§ DATA SHOWN
text \<open>Comparison with \<open>(1 + w^2)^(-1)\<close> does not cover \<open>n < 1/2\<close>; the antiderivative
  \<open>-P(w)^(-n) / (2n)\<close> does.\<close>

lemma set_integrable_pos_times_square_plus_square_powr:
  fixes b n :: real
  assumes "n > 0" "b > 0"
  shows "set_integrable lborel {0<..} (\<lambda>w. w * (b\<^sup>2 + w\<^sup>2) powr (-n - 1))"
proof -
  define F where "F w = - ((b\<^sup>2 + w\<^sup>2) powr (-n)) / (2*n)" for w :: real
  have pos: "b\<^sup>2 + x\<^sup>2 > 0" for x :: real
    using assms by (simp add: add_pos_nonneg)
  have "DERIV F x :> x * (b\<^sup>2 + x\<^sup>2) powr (-n - 1)" for x
    unfolding F_def using assms pos[of x] has_real_derivative_plus_square_powr[OF pos[of x], of n]
    by (auto intro!: derivative_eq_intros)
  moreover have "(F \<longlongrightarrow> F 0) (at_right 0)"
    unfolding F_def using pos[of 0] assms by (intro tendsto_intros) auto
  moreover have "((\<lambda>w. (b\<^sup>2 + w\<^sup>2) powr (-n)) \<longlongrightarrow> 0) at_top"
    using assms by (auto intro!: tendsto_neg_powr filterlim_tendsto_add_at_top[OF tendsto_const]
        filterlim_pow_at_top filterlim_ident)
  then have "(F \<longlongrightarrow> 0) at_top"
    unfolding F_def using tendsto_divide[OF tendsto_minus tendsto_const, of _ 0 at_top "2*n"] assms
    by simp
  moreover have "isCont (\<lambda>w. w * (b\<^sup>2 + w\<^sup>2) powr (-n - 1)) x" for x
    using pos[of x] by (intro continuous_intros) auto
  ultimately show ?thesis
    using interval_integral_FTC_nonneg(1)[of 0 \<infinity> F "\<lambda>w. w * (b\<^sup>2 + w\<^sup>2) powr (-n - 1)" "F 0" 0]
    by (auto simp: zero_ereal_def ereal_tendsto_simps)
qed

lemma star_integrand_factorization:
  fixes a b n u w :: real
  assumes "b > 0" "w \<noteq> u"
  defines "f \<equiv> \<lambda>x. a * (b\<^sup>2 + x\<^sup>2) powr (-n)"
  shows "(f w * deriv f u - deriv f w * f u) / (2 * pi * (w - u))
       = n * a\<^sup>2 / pi * (b\<^sup>2 + u\<^sup>2) powr (-n - 1) * ((b\<^sup>2 - u * w) * (b\<^sup>2 + w\<^sup>2) powr (-n - 1))"
proof -
  have pos: "b\<^sup>2 + x\<^sup>2 > 0" for x
    using assms(1) by (simp add: add_pos_nonneg)
  have deriv_f: "deriv f x = a * (-2 * n * x * (b\<^sup>2 + x\<^sup>2) powr (-n - 1))" for x
    unfolding f_def
    by (intro DERIV_imp_deriv DERIV_cmult has_real_derivative_plus_square_powr pos)
  have f_eq: "f x = a * ((b\<^sup>2 + x\<^sup>2) * (b\<^sup>2 + x\<^sup>2) powr (-n - 1))" for x
    using pos[of x] by (simp add: f_def powr_mult_base less_imp_le)
  show ?thesis
    unfolding deriv_f f_eq using assms(2)
    by (simp add: field_simps power2_eq_square)
qed

lemma
  fixes b n :: real
  assumes "n > 0" "b > 0"
  shows integrable_times_square_plus_square_powr:
      "integrable lborel (\<lambda>w. w * (b\<^sup>2 + w\<^sup>2) powr (-n - 1))"
    and lborel_integral_times_square_plus_square_powr:
      "(LINT w|lborel. w * (b\<^sup>2 + w\<^sup>2) powr (-n - 1)) = 0"
  by (auto intro: integrable_odd_if_set_integrable_pos lborel_integral_odd_eq_0
      set_integrable_pos_times_square_plus_square_powr[OF assms])

theorem star_self_power_of_square_plus_square:
  fixes a b n u :: real
  assumes "n > 0" "b > 0"
  shows "star_self (\<lambda>x. a * (b\<^sup>2 + x\<^sup>2) powr (-n)) u
       = n * a\<^sup>2 * kappa (n + 1) / (b powr (2 * n - 1) * (b\<^sup>2 + u\<^sup>2) powr (n + 1))"
proof -
  define C where "C = n * a\<^sup>2 / pi * (b\<^sup>2 + u\<^sup>2) powr (-n - 1)"
  define Q where "Q w = (b\<^sup>2 + w\<^sup>2) powr (-n - 1)" for w :: real
  have "star_self (\<lambda>x. a * (b\<^sup>2 + x\<^sup>2) powr (-n)) u = integral UNIV (\<lambda>w. C * ((b\<^sup>2 - u * w) * Q w))"
    unfolding star_self_def C_def Q_def
    by (rule integral_spike[of "{u}"]) (auto simp: star_integrand_factorization[OF assms(2)])
  also have "\<dots> = C * (b\<^sup>2 * (LINT w|lborel. Q w) - u * (LINT w|lborel. w * Q w))"
  proof -
    have int: "integrable lborel (\<lambda>w. Q w)" "integrable lborel (\<lambda>w. w * Q w)"
      using integrable_square_plus_square_powr[of "n + 1" b]
        integrable_times_square_plus_square_powr[OF assms] assms
      by (simp_all add: Q_def)
    have "(\<lambda>w. C * ((b\<^sup>2 - u * w) * Q w)) = (\<lambda>w. C * b\<^sup>2 * Q w - C * u * (w * Q w))"
      by (simp add: algebra_simps)
    then have "integral UNIV (\<lambda>w. C * ((b\<^sup>2 - u * w) * Q w))
        = (LINT w|lborel. C * b\<^sup>2 * Q w - C * u * (w * Q w))"
      using int by (simp add: integral_lborel)
    also have "\<dots> = C * (b\<^sup>2 * (LINT w|lborel. Q w) - u * (LINT w|lborel. w * Q w))"
      using int by (simp add: right_diff_distrib mult.assoc)
    finally show ?thesis .
  qed
  also have "\<dots> = C * b\<^sup>2 * pi * kappa (n + 1) * b powr (1 - 2 * (n + 1))"
  proof -
    have "(LINT w|lborel. Q w) = pi * kappa (n + 1) * b powr (1 - 2 * (n + 1))"
      unfolding Q_def using lborel_integral_square_plus_square_powr[of "n + 1" b] assms
      by simp
    moreover have "(LINT w|lborel. w * Q w) = 0"
      unfolding Q_def by (rule lborel_integral_times_square_plus_square_powr[OF assms])
    ultimately show ?thesis
      by simp
  qed
  also have "\<dots> = n * a\<^sup>2 * kappa (n + 1) / (b powr (2 * n - 1) * (b\<^sup>2 + u\<^sup>2) powr (n + 1))"
  proof -
    have "2 + (1 - 2 * (n + 1)) = - (2 * n - 1)"
      by simp
    then have "b\<^sup>2 * b powr (1 - 2 * (n + 1)) = b powr (- (2 * n - 1))"
      using assms(2) powr_add[of b 2 "1 - 2 * (n + 1)"] by (simp only: powr_numeral)
    then have "b\<^sup>2 * b powr (1 - 2 * (n + 1)) = 1 / b powr (2 * n - 1)"
      by (metis powr_minus_divide)
    moreover have "(b\<^sup>2 + u\<^sup>2) powr (-n - 1) = 1 / (b\<^sup>2 + u\<^sup>2) powr (n + 1)"
      using powr_minus_divide[of "b\<^sup>2 + u\<^sup>2" "n + 1"] by simp
    moreover have "C * b\<^sup>2 * pi * kappa (n + 1) * b powr (1 - 2 * (n + 1))
        = n * a\<^sup>2 * kappa (n + 1) * (b\<^sup>2 * b powr (1 - 2 * (n + 1))) * (b\<^sup>2 + u\<^sup>2) powr (-n - 1)"
      by (simp add: C_def)
    ultimately show ?thesis
      by simp
  qed
  finally show ?thesis .
qed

§ WHAT TO WORK ON
Pick out every line above that holds the word "where" and copy it.

§ OUTPUT FOR THIS EXERCISE
  define F where "F w = - ((b\<^sup>2 + w\<^sup>2) powr (-n)) / (2*n)" for w :: real
  define C where "C = n * a\<^sup>2 / pi * (b\<^sup>2 + u\<^sup>2) powr (-n - 1)"
  define Q where "Q w = (b\<^sup>2 + w\<^sup>2) powr (-n - 1)" for w :: real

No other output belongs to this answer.